DATA RECORDS =
== == ==

(* There exists a directed set $\mathcal A$, which is not a cardinal number, with $\operatorname{card}(\mathcal A)=\operatorname{cov}(\mathcal N)$, such that $\mathcal{ANM}_{\mathcal A}\setminus\mathcal{ND}_{\mathcal A}$ is strongly $\mathfrak c$-algebrable in $\left(\mathbb R^{[0,1]}\right)^{\mathcal A}$.
   Context: A directed set is a nonempty set $\mathcal A$ with a reflexive transitive relation $\le$ in which any two elements have an upper bound; $x_A\to x$ if for each neighbourhood $U$ of $x$ there is $A_0$ with $x_A\in U$ for $A\ge A_0$. $\left(\mathbb R^{[0,1]}\right)^{\mathcal A}$ is the commutative real algebra of nets of functions $[0,1]\to\mathbb R$ with indexwise addition, indexwise pointwise multiplication and scalar multiplication. $\lambda$ is Lebesgue measure, $\mathcal N$ the null subsets of $[0,1]$, $\operatorname{cov}(\mathcal N)$ the least size of a subfamily of $\mathcal N$ covering $[0,1]$. $\mathcal{ANM}_{\mathcal A}$: nets of Lebesgue measurable $f_A:[0,1]\to\mathbb R$ converging a.e. to a measurable $f$ but not converging in measure to $f$. $\mathcal{ND}_{\mathcal A}$: nets of Lebesgue measurable $f_A:[0,1]\to\mathbb R$ with some integrable $g$ satisfying $|f_A|\le g$ a.e. for all $A$, $f_A\to f$ a.e. for some integrable $f$, and $\int|f_A-f|\,d\lambda\not\to0$. A subset $S$ of a commutative algebra is strongly $\kappa$-algebrable if there is a set $X$ of $\kappa$ algebraically independent elements (no nonzero polynomial without constant term vanishes at distinct elements of $X$) such that every nonzero element of the algebra generated by $X$ (values of polynomials without constant term at elements of $X$) belongs to $S$. *)

theory Defs
  imports "HOL-Analysis.Analysis" "HOL-Library.Equipollence"
begin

== == ==

TASK GOAL = Each line of the material that has the word "right" belongs in the answer.

RESULT =
(* There exists a directed set $\mathcal A$, which is not a cardinal number, with $\operatorname{card}(\mathcal A)=\operatorname{cov}(\mathcal N)$, such that $\mathcal{ANM}_{\mathcal A}\setminus\mathcal{ND}_{\mathcal A}$ is strongly $\mathfrak c$-algebrable in $\left(\mathbb R^{[0,1]}\right)^{\mathcal A}$.
   Context: A directed set is a nonempty set $\mathcal A$ with a reflexive transitive relation $\le$ in which any two elements have an upper bound; $x_A\to x$ if for each neighbourhood $U$ of $x$ there is $A_0$ with $x_A\in U$ for $A\ge A_0$. $\left(\mathbb R^{[0,1]}\right)^{\mathcal A}$ is the commutative real algebra of nets of functions $[0,1]\to\mathbb R$ with indexwise addition, indexwise pointwise multiplication and scalar multiplication. $\lambda$ is Lebesgue measure, $\mathcal N$ the null subsets of $[0,1]$, $\operatorname{cov}(\mathcal N)$ the least size of a subfamily of $\mathcal N$ covering $[0,1]$. $\mathcal{ANM}_{\mathcal A}$: nets of Lebesgue measurable $f_A:[0,1]\to\mathbb R$ converging a.e. to a measurable $f$ but not converging in measure to $f$. $\mathcal{ND}_{\mathcal A}$: nets of Lebesgue measurable $f_A:[0,1]\to\mathbb R$ with some integrable $g$ satisfying $|f_A|\le g$ a.e. for all $A$, $f_A\to f$ a.e. for some integrable $f$, and $\int|f_A-f|\,d\lambda\not\to0$. A subset $S$ of a commutative algebra is strongly $\kappa$-algebrable if there is a set $X$ of $\kappa$ algebraically independent elements (no nonzero polynomial without constant term vanishes at distinct elements of $X$) such that every nonzero element of the algebra generated by $X$ (values of polynomials without constant term at elements of $X$) belongs to $S$. *)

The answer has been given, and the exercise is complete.